◆ **DATASET ENTRIES**:
lemma le_smax_sub_mult:
  assumes "finite M"
  shows "L2_set (\<lambda>r. \<Sum>c\<in>blk_idx d M. G r c * x c) (blk_idx d J) \<le> smax_sub d G J M * L2_set x (blk_idx d M)"
proof (cases "L2_set x (blk_idx d M) = 0")
  case True
  with assms have "\<forall>c\<in>blk_idx d M. x c = 0"
    by (simp add: L2_set_eq_0_iff)
  with True show ?thesis
    by (simp add: L2_set_constant)
next
  case False
  then have "L2_set (\<lambda>r. \<Sum>c\<in>blk_idx d M. G r c * x c) (blk_idx d J) / L2_set x (blk_idx d M)
      \<le> smax_sub d G J M"
    unfolding smax_sub_eq_Sup by (intro cSup_upper rescaled_in_sub_gains bdd_above_sub_gains)
  with False show ?thesis
    by (simp add: divide_le_eq mult.commute order.not_eq_order_implies_strict)
qed

lemma smin_sub_le_smax_sub:
  assumes "finite M" "M \<noteq> {}" "d \<ge> 1"
  shows "smin_sub d G J M \<le> smax_sub d G J M"
proof -
  obtain j where "j \<in> M" using assms(2) by blast
  then have j: "j * d \<in> blk_idx d M"
    unfolding blk_idx_def using assms(3) by (intro image_eqI[where x = "(j, 0)"]) auto
  define x :: "nat \<Rightarrow> real" where "x c = (if c = j * d then 1 else 0)" for c
  have "L2_set x (blk_idx d M) = 1"
    using assms(1) j by (simp add: L2_set_def x_def if_distrib[of power2] sum.If_cases Int_absorb1)
  then show ?thesis
    using smin_sub_mult_le[where d = d and G = G and J = J and M = M and x = x]
      le_smax_sub_mult[OF assms(1), where d = d and G = G and J = J and x = x]
    by simp
qed

lemma smin_sub_mult_L2_set_le:
  assumes "0 \<le> smin_sub d G J M"
  shows "smin_sub d G J M * L2_set (\<lambda>(c, k). X c k) (blk_idx d M \<times> K)
     \<le> L2_set (\<lambda>(r, k). \<Sum>c\<in>blk_idx d M. G r c * X c k) (blk_idx d J \<times> K)"
proof -
  have "smin_sub d G J M * L2_set (\<lambda>(c, k). X c k) (blk_idx d M \<times> K)
      = L2_set (\<lambda>k. smin_sub d G J M * L2_set (\<lambda>c. X c k) (blk_idx d M)) K"
    unfolding L2_set_Times by (rule L2_set_right_distrib[OF assms])
  also have "\<dots> \<le> L2_set (\<lambda>k. L2_set (\<lambda>r. \<Sum>c\<in>blk_idx d M. G r c * X c k) (blk_idx d J)) K"
    using assms by (intro L2_set_mono smin_sub_mult_le) simp
  finally show ?thesis
    by (simp add: L2_set_Times)
qed

lemma L2_set_le_smax_sub_mult:
  assumes "finite M" "smax_sub d G J M \<le> \<sigma>" "0 \<le> \<sigma>"
  shows "L2_set (\<lambda>(r, k). \<Sum>c\<in>blk_idx d M. G r c * X c k) (blk_idx d J \<times> K)
     \<le> \<sigma> * L2_set (\<lambda>(c, k). X c k) (blk_idx d M \<times> K)"
proof -
  have "L2_set (\<lambda>r. \<Sum>c\<in>blk_idx d M. G r c * X c k) (blk_idx d J)
      \<le> \<sigma> * L2_set (\<lambda>c. X c k) (blk_idx d M)" for k
    using le_smax_sub_mult[OF assms(1)] assms(2) by (meson L2_set_nonneg mult_right_mono order_trans)
  then have "L2_set (\<lambda>(r, k). \<Sum>c\<in>blk_idx d M. G r c * X c k) (blk_idx d J \<times> K)
      \<le> L2_set (\<lambda>k. \<sigma> * L2_set (\<lambda>c. X c k) (blk_idx d M)) K"
    unfolding L2_set_Times by (intro L2_set_mono) simp_all
  also have "\<dots> = \<sigma> * L2_set (\<lambda>(c, k). X c k) (blk_idx d M \<times> K)"
    unfolding L2_set_Times by (rule L2_set_right_distrib[OF assms(3), symmetric])
  finally show ?thesis .
qed

lemma sigma_min_m_le_smin_sub:
  assumes "M \<subseteq> {..<p}" "M \<noteq> {}" "real (card M) \<le> m" "0 \<le> m"
  obtains J where "J \<subseteq> {..<q}" "real (card J) \<le> m" "sigma_min_m d p q m G \<le> smin_sub d G J M"
proof -
  let ?Ms = "{M. M \<subseteq> {..<p} \<and> M \<noteq> {} \<and> real (card M) \<le> m}"
  let ?Js = "{J. J \<subseteq> {..<q} \<and> real (card J) \<le> m}"
  have fin: "finite ?Ms" "finite ?Js"
    by (auto intro: finite_subset[of _ "Pow {..<p}"] finite_subset[of _ "Pow {..<q}"])
  have "{} \<in> ?Js"
    using assms(4) by simp
  then have "Max ((\<lambda>J. smin_sub d G J M) ` ?Js) \<in> (\<lambda>J. smin_sub d G J M) ` ?Js"
    using fin by (intro Max_in) auto
  then obtain J where "J \<in> ?Js" "Max ((\<lambda>J. smin_sub d G J M) ` ?Js) = smin_sub d G J M"
    by blast
  moreover have "sigma_min_m d p q m G \<le> Max ((\<lambda>J. smin_sub d G J M) ` ?Js)"
    unfolding sigma_min_m_def using fin assms by (intro Min_le) auto
  ultimately show ?thesis
    using that by auto
qed

lemma smax_sub_le_sigma_max_m:
  assumes "M \<subseteq> {..<p}" "M \<noteq> {}" "real (card M) \<le> m" "J \<subseteq> {..<q}" "real (card J) \<le> m"
  shows "smax_sub d G J M \<le> sigma_max_m d p q m G"
proof -
  let ?Ms = "{M. M \<subseteq> {..<p} \<and> M \<noteq> {} \<and> real (card M) \<le> m}"
  let ?Js = "{J. J \<subseteq> {..<q} \<and> real (card J) \<le> m}"
  have fin: "finite ?Ms" "finite ?Js"
    by (auto intro: finite_subset[of _ "Pow {..<p}"] finite_subset[of _ "Pow {..<q}"])
  have "smax_sub d G J M \<le> Max ((\<lambda>J. smax_sub d G J M) ` ?Js)"
    using fin assms by (intro Max_ge) auto
  also have "\<dots> \<le> sigma_max_m d p q m G"
    unfolding sigma_max_m_def using fin assms by (intro Max_ge) auto
  finally show ?thesis .
qed

lemma sigma_min_m_le_sigma_max_m:
  assumes "1 \<le> d" "1 \<le> p"
  shows "sigma_min_m d p q m G \<le> sigma_max_m d p q m G"
proof (cases "1 \<le> m")
  case True
  have M: "{0} \<subseteq> {..<p}" "{0} \<noteq> {}" "real (card {0::nat}) \<le> m"
    using assms True by auto
  have "0 \<le> m"
    using True by simp
  then obtain J where J: "J \<subseteq> {..<q}" "real (card J) \<le> m" "sigma_min_m d p q m G \<le> smin_sub d G J {0}"
    by (rule sigma_min_m_le_smin_sub[OF M])
  moreover have "smin_sub d G J {0} \<le> smax_sub d G J {0}"
    using assms(1) by (intro smin_sub_le_smax_sub) auto
  moreover have "smax_sub d G J {0} \<le> sigma_max_m d p q m G"
    using M J by (intro smax_sub_le_sigma_max_m) auto
  ultimately show ?thesis
    by linarith
next
  case False
  have card_gt: "m < real (card M)" if "M \<subseteq> {..<p}" "M \<noteq> {}" for M :: "nat set"
  proof -
    have "1 \<le> card M"
      using that finite_subset[OF that(1)] by (simp add: Suc_le_eq card_gt_0_iff)
    with False show ?thesis
      by linarith
  qed
  have no_cols: "{M. M \<subseteq> {..<p} \<and> M \<noteq> {} \<and> real (card M) \<le> m} = {}"
    using card_gt by (auto simp: not_less[symmetric])
  \<comment> \<open>No column set is admissible, so both sides are the same unspecified value \<open>Min {} = Max {}\<close>.\<close>
  have "Min {} = (Max {} :: real)"
    by (simp add: Min.eq_fold' Max.eq_fold')
  then show ?thesis
    unfolding sigma_min_m_def sigma_max_m_def no_cols image_empty by simp
qed

lemma le_one_of_le_sigma_ratio:
  assumes "1 \<le> d" "1 \<le> p" "0 < sigma_max_m d p q m G"
    and "\<mu> \<le> sigma_min_m d p q m G / sigma_max_m d p q m G"
  shows "\<mu> \<le> 1"
  using sigma_min_m_le_sigma_max_m[OF assms(1,2), of q m G] assms(3,4)
  by (meson divide_le_eq_1_pos order_trans)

◆ **TO DO**: Return word for word the lines above from the line with "G \<le> Max" to the line with "using True by simp", including both and leaving out all others.

◆ **COMPLETED EXERCISE**:
  moreover have "sigma_min_m d p q m G \<le> Max ((\<lambda>J. smin_sub d G J M) ` ?Js)"
    unfolding sigma_min_m_def using fin assms by (intro Min_le) auto
  ultimately show ?thesis
    using that by auto
qed

lemma smax_sub_le_sigma_max_m:
  assumes "M \<subseteq> {..<p}" "M \<noteq> {}" "real (card M) \<le> m" "J \<subseteq> {..<q}" "real (card J) \<le> m"
  shows "smax_sub d G J M \<le> sigma_max_m d p q m G"
proof -
  let ?Ms = "{M. M \<subseteq> {..<p} \<and> M \<noteq> {} \<and> real (card M) \<le> m}"
  let ?Js = "{J. J \<subseteq> {..<q} \<and> real (card J) \<le> m}"
  have fin: "finite ?Ms" "finite ?Js"
    by (auto intro: finite_subset[of _ "Pow {..<p}"] finite_subset[of _ "Pow {..<q}"])
  have "smax_sub d G J M \<le> Max ((\<lambda>J. smax_sub d G J M) ` ?Js)"
    using fin assms by (intro Max_ge) auto
  also have "\<dots> \<le> sigma_max_m d p q m G"
    unfolding sigma_max_m_def using fin assms by (intro Max_ge) auto
  finally show ?thesis .
qed

lemma sigma_min_m_le_sigma_max_m:
  assumes "1 \<le> d" "1 \<le> p"
  shows "sigma_min_m d p q m G \<le> sigma_max_m d p q m G"
proof (cases "1 \<le> m")
  case True
  have M: "{0} \<subseteq> {..<p}" "{0} \<noteq> {}" "real (card {0::nat}) \<le> m"
    using assms True by auto
  have "0 \<le> m"
    using True by simp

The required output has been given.